Yes, a forum *is* for give/take dialogue. 
fo·rum (fôr-em)
_1. The public square or marketplace of an ancient Roman city that was the assembly place for judicial activity and public business.
2. A public meeting place for open discussion.
3. A medium of open discussion or voicing of ideas, such as a newspaper or a radio or television program.
4. A public meeting or presentation involving a discussion usually among experts and often including audience participation.
5. A court of law; a tribunal._
I was not fighting or purposely hurting you. I was sharing my opinion of what a poor idea I think your plan is and offering facts to educate you so you could make an informed decision. I was also curious as to how you came to your decision, hence the reason for all of the questions I asked in the first paragraph of my reply, which also covered issues of safety/health for the cat. My second paragraph outlined the current cat overpopulation problem and how cats left entire are governed by their hormones and instincts, in addition to the medical dangers (_cancer_) of cats who may not be medically or genetically healthy and are bred repeatedly with no break between litters.

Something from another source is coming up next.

(* Let $\mathcal{P}$ be a database program and $\Omega$ a sketch. Assume the oracle $\textsf{Verify}$ decides equivalence exactly (it returns true on $(\mathcal{P},\mathcal{P}')$ iff $\mathcal{P}\simeq\mathcal{P}'$) and, whenever $\mathcal{P}\not\simeq\mathcal{P}'$, supplies a minimum failing input. If there exists a completion $\mathcal{P}'\in\gamma(\Omega)$ with $\mathcal{P}'\simeq\mathcal{P}$, then $\textsc{CompleteSketch}(\Omega,\mathcal{P})$ returns (not $\bot$) a program $\mathcal{P}''\in\gamma(\Omega)$ with $\mathcal{P}''\simeq\mathcal{P}$.
   Context: A database program is a finite set of named functions, each either an update function (a sequence of insert/delete/update statements on database tables, parameterized by arguments) or a query function (a relational-algebra query parameterized by arguments). An invocation sequence is $\omega=(f_1,\sigma_1);\dots;(f_k,\sigma_k)$ where $f_1,\dots,f_{k-1}$ are update functions, $f_k$ is a query function, and $\sigma_i$ are arguments; $[\![\mathcal{P}]\!]_\omega$ denotes the query result of executing $\omega$ on $\mathcal{P}$ from the empty database. $\mathcal{P}\simeq\mathcal{P}'$ iff $[\![\mathcal{P}]\!]_\omega=[\![\mathcal{P}']\!]_\omega$ for all invocation sequences $\omega$. A minimum failing input for $\mathcal{P},\mathcal{P}'$ is an invocation sequence $\omega$ of minimal length with $[\![\mathcal{P}]\!]_\omega\neq[\![\mathcal{P}']\!]_\omega$. A sketch $\Omega$ is a database program (with the same function names and signatures as $\mathcal{P}$) in which finitely many holes $\textbf{??}_1,\dots,\textbf{??}_m$ occur, each hole $\textbf{??}_i$ lying inside the body of exactly one function and having a finite domain $\{e_i^1,\dots,e_i^{n_i}\}$ of candidate constants (tables, join chains, attributes, table lists, etc.). A completion of $\Omega$ is $\Omega[\vec e/\vec{\textbf{??}}]$ for a choice $e_i\in\{e_i^1,\dots,e_i^{n_i}\}$ for each $i$; $\gamma(\Omega)$ is the set of completions. The body of each function in a completion depends only on the values assigned to the holes occurring in that function. $\textsc{CompleteSketch}(\Omega,\mathcal{P})$: introduce Boolean variables $b_i^j$ ($b_i^j$ true iff $\textbf{??}_i$ is filled with $e_i^j$) and set $\Psi:=\bigwedge_{i=1}^m\oplus(b_i^1,\dots,b_i^{n_i})$, where $\oplus$ means exactly one argument is true. While $\Psi$ is satisfiable: take a model $\mathcal{M}$ of $\Psi$, let $\mathcal{P}'$ be the completion it encodes; if $\textsf{Verify}(\mathcal{P},\mathcal{P}')$ returns true, return $\mathcal{P}'$; otherwise obtain a minimum failing input $\omega$, let $H$ be the set of indices of holes occurring in the functions invoked in $\omega$, and set $\Psi:=\Psi\land\neg\bigwedge_{i\in H}b_i^{j_i}$ where $j_i$ is the index with $\mathcal{M}(b_i^{j_i})=\text{true}$. When $\Psi$ becomes unsatisfiable, return $\bot$. *)

theory Defs
  imports Main
begin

I can see you do not care for my factual information or my opinion. Sometimes, the truth hurts and I tried to express these facts in as gentle a way as possible. I am sorry you did not like hearing them. 
I cannot 'wish you luck' in finding the information you seek because I feel this is not a well thought out breeding plan at all and I do not agree with it.
Respectfully,
heidi


----------



## Xanti (Nov 4, 2008)

I have to agree with Heidi. If the cat has access to the outside this is a completely irresponsible thing to do. 

If he is kept as an indoor cat, there are still risks, as Heidi has pointed out, along with the very unpleasent spraying that will happen. The house will soon smell awful and your friend won't be able to get the smell out.

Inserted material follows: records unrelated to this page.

theorem proposition4:
  fixes P :: "'a measure" and X U :: "'v set" and E :: "('v \<times> 'v) set"
    and var n :: "'v \<Rightarrow> 'a \<Rightarrow> real" and f :: "'v \<Rightarrow> 'v \<Rightarrow> real \<Rightarrow> real"
    and \<G> :: "('v \<Rightarrow> real \<Rightarrow> real) set"
    and xi xj xk :: 'v
  assumes model: "additive_model P X U E var n f"
    and CFC: "faithful P (X \<union> U) E var"
    and Gprop: "class_property P X (X \<union> U) var n \<G>"
    and F1: "\<And>X' a b. X' \<subseteq> X \<Longrightarrow> a \<in> X' \<Longrightarrow> b \<in> X' \<Longrightarrow> a \<noteq> b \<Longrightarrow>
       visible_parent E X' a b \<longleftrightarrow>
         ((\<forall>G1\<in>\<G>. \<forall>G2\<in>\<G>. \<forall>M N. M \<subseteq> X' - {a, b} \<longrightarrow> N \<subseteq> X' - {b} \<longrightarrow>
             \<not> indep P (resid var a G1 M) (resid var b G2 N)) \<and>
          (\<exists>G1\<in>\<G>. \<exists>G2\<in>\<G>. \<exists>M N. M \<subseteq> X' - {a} \<and> N \<subseteq> X' - {a, b} \<and>
             indep P (resid var a G1 M) (resid var b G2 N)))"
    and F2: "\<And>X' a b. X' \<subseteq> X \<Longrightarrow> a \<in> X' \<Longrightarrow> b \<in> X' \<Longrightarrow> a \<noteq> b \<Longrightarrow>
       visible_nonedge E X' a b \<longleftrightarrow>
         (\<exists>G1\<in>\<G>. \<exists>G2\<in>\<G>. \<exists>M N. M \<subseteq> X' - {a, b} \<and> N \<subseteq> X' - {a, b} \<and>
             indep P (resid var a G1 M) (resid var b G2 N))"
    and F3: "\<And>X' a b. X' \<subseteq> X \<Longrightarrow> a \<in> X' \<Longrightarrow> b \<in> X' \<Longrightarrow> a \<noteq> b \<Longrightarrow>
       invisible E X' a b \<longleftrightarrow>
         (\<forall>G1\<in>\<G>. \<forall>G2\<in>\<G>. \<forall>M N. M \<subseteq> X' - {a} \<longrightarrow> N \<subseteq> X' - {b} \<longrightarrow>
             \<not> indep P (resid var a G1 M) (resid var b G2 N))"
    and dist: "xi \<in> X" "xj \<in> X" "xk \<in> X" "xi \<noteq> xj" "xi \<noteq> xk" "xj \<noteq> xk"
    and not_par: "xk \<notin> parents E xi" "xk \<notin> parents E xj"
    and hyp: "\<exists>G1\<in>\<G>. \<exists>G2\<in>\<G>. \<exists>M N. M \<subseteq> X - {xi, xj, xk} \<and> N \<subseteq> X - {xi, xj} \<and>
               indep P (resid var xi G1 (M \<union> {xk})) (resid var xj G2 N)"
  shows "\<exists>G1'\<in>\<G>. \<exists>G2'\<in>\<G>. \<exists>M' N'. M' \<subseteq> X - {xi, xj, xk} \<and> N' \<subseteq> X - {xi, xj} \<and>
           indep P (resid var xi G1' M') (resid var xj G2' N')"
proof -
  obtain G1 G2 M N where G: "G1 \<in> \<G>" "G2 \<in> \<G>"
      and M: "M \<subseteq> X - {xi, xj, xk}" and N: "N \<subseteq> X - {xi, xj}"
      and ind: "indep P (resid var xi G1 (M \<union> {xk})) (resid var xj G2 N)"
    using hyp by blast
  have ind': "indep P (resid var xj G2 N) (resid var xi G1 (M \<union> {xk}))"
    using indep_commute[OF _ ind] model unfolding additive_model_def by blast
  have Mk: "M \<union> {xk} \<subseteq> X - {xi, xj}" "M \<union> {xk} \<subseteq> X - {xi}" using M dist by auto
  have Nj: "N \<subseteq> X - {xj}" "N \<subseteq> X - {xj, xi}" using N by auto
  have visible: "\<not> invisible E X xi xj"
  proof
    assume "invisible E X xi xj"
    then have "\<forall>M N. M \<subseteq> X - {xi} \<longrightarrow> N \<subseteq> X - {xj} \<longrightarrow>
        \<not> indep P (resid var xi G1 M) (resid var xj G2 N)"
      using F3[of X xi xj] dist G by blast
    then show False using Mk Nj ind by blast
  qed
  have "(xj, xi) \<notin> E"
  proof
    assume "(xj, xi) \<in> E"
    then have "visible_parent E X xi xj"
      using visible unfolding visible_parent_def parents_def by simp
    then have "\<forall>M N. M \<subseteq> X - {xi, xj} \<longrightarrow> N \<subseteq> X - {xj} \<longrightarrow>
        \<not> indep P (resid var xi G1 M) (resid var xj G2 N)"
      using F1[of X xi xj] dist G by blast
    then show False using Mk Nj ind by blast
  qed
  moreover have "(xi, xj) \<notin> E"
  proof
    assume "(xi, xj) \<in> E"
    then have "visible_parent E X xj xi"
      using visible invisible_commute unfolding visible_parent_def parents_def by fastforce
    then have "\<forall>N M. N \<subseteq> X - {xj, xi} \<longrightarrow> M \<subseteq> X - {xi} \<longrightarrow>
        \<not> indep P (resid var xj G2 N) (resid var xi G1 M)"
      using F1[of X xj xi] dist G by blast
    then show False using Mk Nj ind' by blast
  qed
  moreover have "\<not> invisible E (X - {xk}) xi xj"
    using invisible_superset[of E "X - {xk}" xi xj X] visible not_par by blast
  ultimately have "visible_nonedge E (X - {xk}) xi xj"
    unfolding visible_nonedge_def by blast
  then obtain G1' G2' M' N' where "G1' \<in> \<G>" "G2' \<in> \<G>"
      "M' \<subseteq> X - {xk} - {xi, xj}" "N' \<subseteq> X - {xk} - {xi, xj}"
      "indep P (resid var xi G1' M') (resid var xj G2' N')"
    using F2[of "X - {xk}" xi xj] dist by auto
  then show ?thesis by blast
qed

Not only that, if someone has a female cat that is infertile it means she will still go into heat...what torture this would be for her, she would have repeated heat cycles and be utterly frustrated.

If you really care about cats, you will get him fixed.


----------



## cmw0829 (Nov 23, 2008)

Your plan is equivalent to my finding an infertile teenage girl for my 17 year old son, so he can satisfy his urges without consequence. 

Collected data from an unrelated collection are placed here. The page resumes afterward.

lemma link_in_ball_contact_dilation:
  assumes "link_in_ball m r L" "0 \<le> l" "l \<le> 1" "l * r \<le> r'"
  shows "link_in_ball m r' (\<lambda>i \<tau>. contact_dilation l (L i \<tau>))"
  unfolding link_in_ball_def
proof (intro allI impI)
  fix i \<tau> assume "i < m"
  then have "norm (L i \<tau>) \<le> r" using assms(1) by (simp add: link_in_ball_def)
  then have "l * norm (L i \<tau>) \<le> r'" using assms(2,4) by (meson mult_left_mono order.trans)
  then show "contact_dilation l (L i \<tau>) \<in> cball 0 r'"
    using norm_contact_dilation_le[OF assms(2,3), of "L i \<tau>"] by simp
qed

lemma cont_family_contact_dilation_reparam:
  fixes P :: "'a::topological_space set" and Q :: "'b::topological_space set"
  assumes K: "cont_family Q m K" "\<forall>q\<in>Q. is_link m (K q)"
    and \<rho>: "continuous_on P \<rho>" "\<rho> ` P \<subseteq> Q" and l: "continuous_on P l"
  shows "cont_family P m (\<lambda>p i \<tau>. contact_dilation (l p) (K (\<rho> p) i \<tau>))"
  unfolding cont_family_def
proof (intro allI impI)
  fix i k assume i: "i < m"
  have "continuous_on (Q \<times> UNIV) (\<lambda>(q, \<tau>). (vd ^^ k) (K q i) \<tau>)"
    using K(1) i by (simp add: cont_family_def)
  moreover have "continuous_on (P \<times> UNIV) (\<lambda>x. (\<rho> (fst x), snd x))"
    by (intro continuous_on_Pair continuous_on_snd continuous_on_compose2[OF \<rho>(1) continuous_on_fst])
      auto
  moreover have "(\<lambda>x. (\<rho> (fst x), snd x)) ` (P \<times> UNIV) \<subseteq> Q \<times> UNIV"
    using \<rho>(2) by auto
  ultimately have "continuous_on (P \<times> UNIV)
      (\<lambda>x. (\<lambda>(q, \<tau>). (vd ^^ k) (K q i) \<tau>) (\<rho> (fst x), snd x))"
    by (rule continuous_on_compose2)
  then have "continuous_on (P \<times> UNIV) (\<lambda>x. (vd ^^ k) (K (\<rho> (fst x)) i) (snd x))"
    by simp
  moreover have "continuous_on (P \<times> UNIV) (\<lambda>x. l (fst x))"
    by (rule continuous_on_compose2[OF l continuous_on_fst]) auto
  ultimately have "continuous_on (P \<times> UNIV)
      (\<lambda>x. contact_dilation (l (fst x)) ((vd ^^ k) (K (\<rho> (fst x)) i) (snd x)))"
    by (rule continuous_on_contact_dilation[rotated])
  then show "continuous_on (P \<times> UNIV)
      (\<lambda>(p, \<tau>). (vd ^^ k) (\<lambda>\<tau>. contact_dilation (l p) (K (\<rho> p) i \<tau>)) \<tau>)"
  proof (rule continuous_on_eq)
    fix x :: "'a \<times> real" assume "x \<in> P \<times> UNIV"
    then have "smooth_curve (K (\<rho> (fst x)) i)"
      using K(2) \<rho>(2) i by (auto intro!: is_link_smooth_curve)
    then show "contact_dilation (l (fst x)) ((vd ^^ k) (K (\<rho> (fst x)) i) (snd x)) =
        (case x of (p, \<tau>) \<Rightarrow> (vd ^^ k) (\<lambda>\<tau>. contact_dilation (l p) (K (\<rho> p) i \<tau>)) \<tau>)"
      by (simp add: vd_iter_contact_dilation case_prod_beta')
  qed
qed

text \<open>Periodicity reduces a bound over all times to the compact period \<open>[0, 1]\<close>.\<close>

lemma cont_family_links_bounded:
  assumes P: "compact P" and K: "cont_family P m K" "\<forall>p\<in>P. is_link m (K p)"
  obtains M where "0 \<le> M" "\<forall>p\<in>P. link_in_ball m M (K p)"
proof -
  have "compact ((\<lambda>(p, t). K p i t) ` (P \<times> {0..1}))" if "i < m" for i
  proof (rule compact_continuous_image)
    have "continuous_on (P \<times> UNIV) (\<lambda>(p, t). (vd ^^ 0) (K p i) t)"
      using K(1) \<open>i < m\<close> unfolding cont_family_def by blast
    then show "continuous_on (P \<times> {0..1}) (\<lambda>(p, t). K p i t)"
      by (auto elim: continuous_on_subset)
  qed (use P in \<open>simp add: compact_Times\<close>)
  then have "bounded (\<Union>i<m. (\<lambda>(p, t). K p i t) ` (P \<times> {0..1}))"
    by (intro bounded_UN compact_imp_bounded) auto
  then obtain M where M: "0 \<le> M"
    "\<And>x. x \<in> (\<Union>i<m. (\<lambda>(p, t). K p i t) ` (P \<times> {0..1})) \<Longrightarrow> norm x \<le> M"
    by (meson bounded_pos less_imp_le)
  have "link_in_ball m M (K p)" if p: "p \<in> P" for p
    unfolding link_in_ball_def
  proof (intro allI impI)
    fix i \<tau> assume i: "i < m"
    interpret periodic_fun_simple' "K p i"
      using K(2) p i by unfold_locales (simp add: is_link_def)
    have "K p i \<tau> = K p i (frac \<tau>)"
      using plus_of_int[of "frac \<tau>" "\<lfloor>\<tau>\<rfloor>"] by (simp add: frac_def)
    moreover have "frac \<tau> \<in> {0..1}" using frac_lt_1[of \<tau>] by (simp add: frac_ge_0)
    ultimately show "K p i \<tau> \<in> cball 0 M"
      using M(2)[of "K p i \<tau>"] p i by fastforce
  qed
  with M(1) show ?thesis using that by blast
qed

definition pnorm :: "nat \<Rightarrow> (nat \<Rightarrow> real) \<Rightarrow> real" where
  "pnorm d s = sqrt (\<Sum>i<d. (s i)\<^sup>2)"

lemma pnorm_nonneg: "0 \<le> pnorm d s"
  by (simp add: pnorm_def sum_nonneg)

lemma pnorm_scale: "pnorm d (\<lambda>i. c * s i) = \<bar>c\<bar> * pnorm d s"
  by (simp add: pnorm_def power_mult_distrib real_sqrt_mult flip: sum_distrib_left)

lemma pdisc_iff_pnorm: "s \<in> pdisc d \<longleftrightarrow> (\<forall>i\<ge>d. s i = 0) \<and> pnorm d s \<le> 1"
  by (simp add: pdisc_def pnorm_def)

lemma psphere_iff_pnorm: "s \<in> psphere d \<longleftrightarrow> (\<forall>i\<ge>d. s i = 0) \<and> pnorm d s = 1"
  by (simp add: psphere_def pnorm_def)

lemma continuous_on_pnorm: "continuous_on A (pnorm d)"
proof (rule continuous_on_subset[OF _ subset_UNIV])
  show "continuous_on UNIV (pnorm d)"
    unfolding pnorm_def by (intro continuous_intros continuous_on_product_coordinates)
qed

lemma compact_pdisc: "compact (pdisc d)"
proof -
  define Q :: "(nat \<Rightarrow> real) set" where "Q = PiE UNIV (\<lambda>i. {-1..1})"
  have "compactin (product_topology (\<lambda>i. euclidean) UNIV) Q"
    unfolding Q_def by (subst compactin_PiE) auto
  then have "compact Q" by (simp add: euclidean_product_topology)
  moreover have "closed (pdisc d)"
  proof -
    have "pdisc d = (\<Inter>i\<in>{d..}. {s. s i = 0}) \<inter> {s. pnorm d s \<le> 1}"
      by (auto simp: pdisc_iff_pnorm)
    moreover have "closed {s::nat \<Rightarrow> real. s i = 0}" for i
      by (rule closed_Collect_eq) simp_all
    ultimately show ?thesis
      by (auto intro!: closed_Int closed_INT closed_Collect_le continuous_on_pnorm)
  qed
  moreover have "pdisc d \<subseteq> Q"
  proof
    fix s assume s: "s \<in> pdisc d"
    have "\<bar>s i\<bar> \<le> 1" for i
    proof (cases "i < d")
      case True
      then have "(s i)\<^sup>2 \<le> (\<Sum>i<d. (s i)\<^sup>2)" by (intro member_le_sum) auto
      also have "\<dots> \<le> 1" using s by (simp add: pdisc_def)
      finally show ?thesis by (simp add: abs_square_le_1)
    qed (use s in \<open>simp add: pdisc_def\<close>)
    then show "s \<in> Q" by (auto simp: Q_def abs_le_iff)
  qed
  ultimately show ?thesis
    by (metis compact_Int_closed inf.absorb_iff2)
qed

text \<open>The factor grows from \<open>1\<close> to \<open>2\<close> in time but is capped at \<open>1 / |s|\<close> for
  \<open>|s| \<ge> 1/2\<close>, so the pushed parameter stays in the disc and reaches the sphere at time 1.\<close>

definition push_factor :: "nat \<Rightarrow> (nat \<Rightarrow> real) \<Rightarrow> real \<Rightarrow> real" where
  "push_factor d s t = min (1 / (1 - t / 2)) (1 / max (pnorm d s) (1/2))"

definition radial_push :: "nat \<Rightarrow> (nat \<Rightarrow> real) \<Rightarrow> real \<Rightarrow> nat \<Rightarrow> real" where
  "radial_push d s t = (\<lambda>i. push_factor d s t * s i)"

lemma push_factor_nonneg: "t \<le> 1 \<Longrightarrow> 0 \<le> push_factor d s t"
  using pnorm_nonneg[of d s] by (simp add: push_factor_def)

lemma push_factor_pnorm_le_1:
  assumes "0 \<le> t" "t \<le> 1"
  shows "push_factor d s t * pnorm d s \<le> 1"
proof (cases "1/2 \<le> pnorm d s")
  case True
  then have "push_factor d s t \<le> 1 / pnorm d s" by (simp add: push_factor_def)
  then show ?thesis
    using True by (simp add: field_simps)
next
  case False
  have "1 / (1 - t / 2) \<le> 2" using assms by (simp add: field_simps)
  then have "push_factor d s t \<le> 2" unfolding push_factor_def by (rule min.coboundedI1)
  then have "push_factor d s t * pnorm d s \<le> 2 * (1/2)"
    using False pnorm_nonneg[of d s] by (intro mult_mono) auto
  then show ?thesis by simp
qed

lemma radial_push_in_pdisc:
  "s \<in> pdisc d \<Longrightarrow> 0 \<le> t \<Longrightarrow> t \<le> 1 \<Longrightarrow> radial_push d s t \<in> pdisc d"
  using push_factor_pnorm_le_1[of t d s] push_factor_nonneg[of t d s]
  by (simp add: pdisc_iff_pnorm radial_push_def pnorm_scale)

lemma radial_push_0: "s \<in> pdisc d \<Longrightarrow> radial_push d s 0 = s"
  by (simp add: pdisc_iff_pnorm radial_push_def push_factor_def)

lemma radial_push_psphere:
  assumes "s \<in> psphere d" "0 \<le> t" "t \<le> 1"
  shows "radial_push d s t = s"
proof -
  have "1 \<le> 1 / (1 - t / 2)" using assms(2,3) by (simp add: field_simps)
  then show ?thesis
    using assms(1) by (simp add: psphere_iff_pnorm radial_push_def push_factor_def)
qed

lemma radial_push_1_in_psphere:
  assumes "s \<in> pdisc d" "1/2 \<le> pnorm d s"
  shows "radial_push d s 1 \<in> psphere d"
proof -
  have "1 / pnorm d s \<le> 2" using assms(2) by (simp add: field_simps)
  then have "push_factor d s 1 = 1 / pnorm d s"
    using assms(2) by (simp add: push_factor_def)
  moreover have "pnorm d (\<lambda>i. 1 / pnorm d s * s i) = 1"
    using assms(2) pnorm_scale[of d "1 / pnorm d s" s] by simp
  ultimately show ?thesis
    using assms(1) by (simp add: pdisc_iff_pnorm psphere_iff_pnorm radial_push_def)
qed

I wouldn't help you either. 

Just fix the cat and be done with it.


----------



## Heidi n Q (Nov 22, 2006)

cmw0829 said:


> Your plan is equivalent to my finding an infertile teenage girl for my 17 year old son, so he can satisfy his urges without consequence.


If _that_ is not The Best analogy I've ever heard, then I don't know _what_ is. 

_*I think I had that thought floating around in my subconscious, but I'd have never been able to articulate it as well as you did. You rock!_


----------



## TerriNye (Mar 4, 2009)

okay - well as a breeder - I think this is the most ignorant (and yes I'll call it IGNORANT!) bunch of nonsense I've ever heard. Maybe this is one of those spammers we aren't supposed to talk to.

Terri


----------



## gaz23g (Nov 30, 2008)

though not a breeder ditto to terri


----------



## Lisa 216 (Oct 25, 2004)

There is really no benefit to leaving this cat intact. Cats don't need to mate in order to be happy, well-adjusted pets.

However, there are numerous benefits to getting him fixed:

1. The current owners don't want kittens, and his ability to mate unchecked is surely causing kittens to be born. 

2. Fixing the cat is better for his long-term health (as explained in a previous post).

3. The cat will be less likely to develop behavior problems like spraying, which is a smelly mess and very difficult to stop once it begins.

4. The cat will not be out getting into fights with other intact males, yet another risk to his health.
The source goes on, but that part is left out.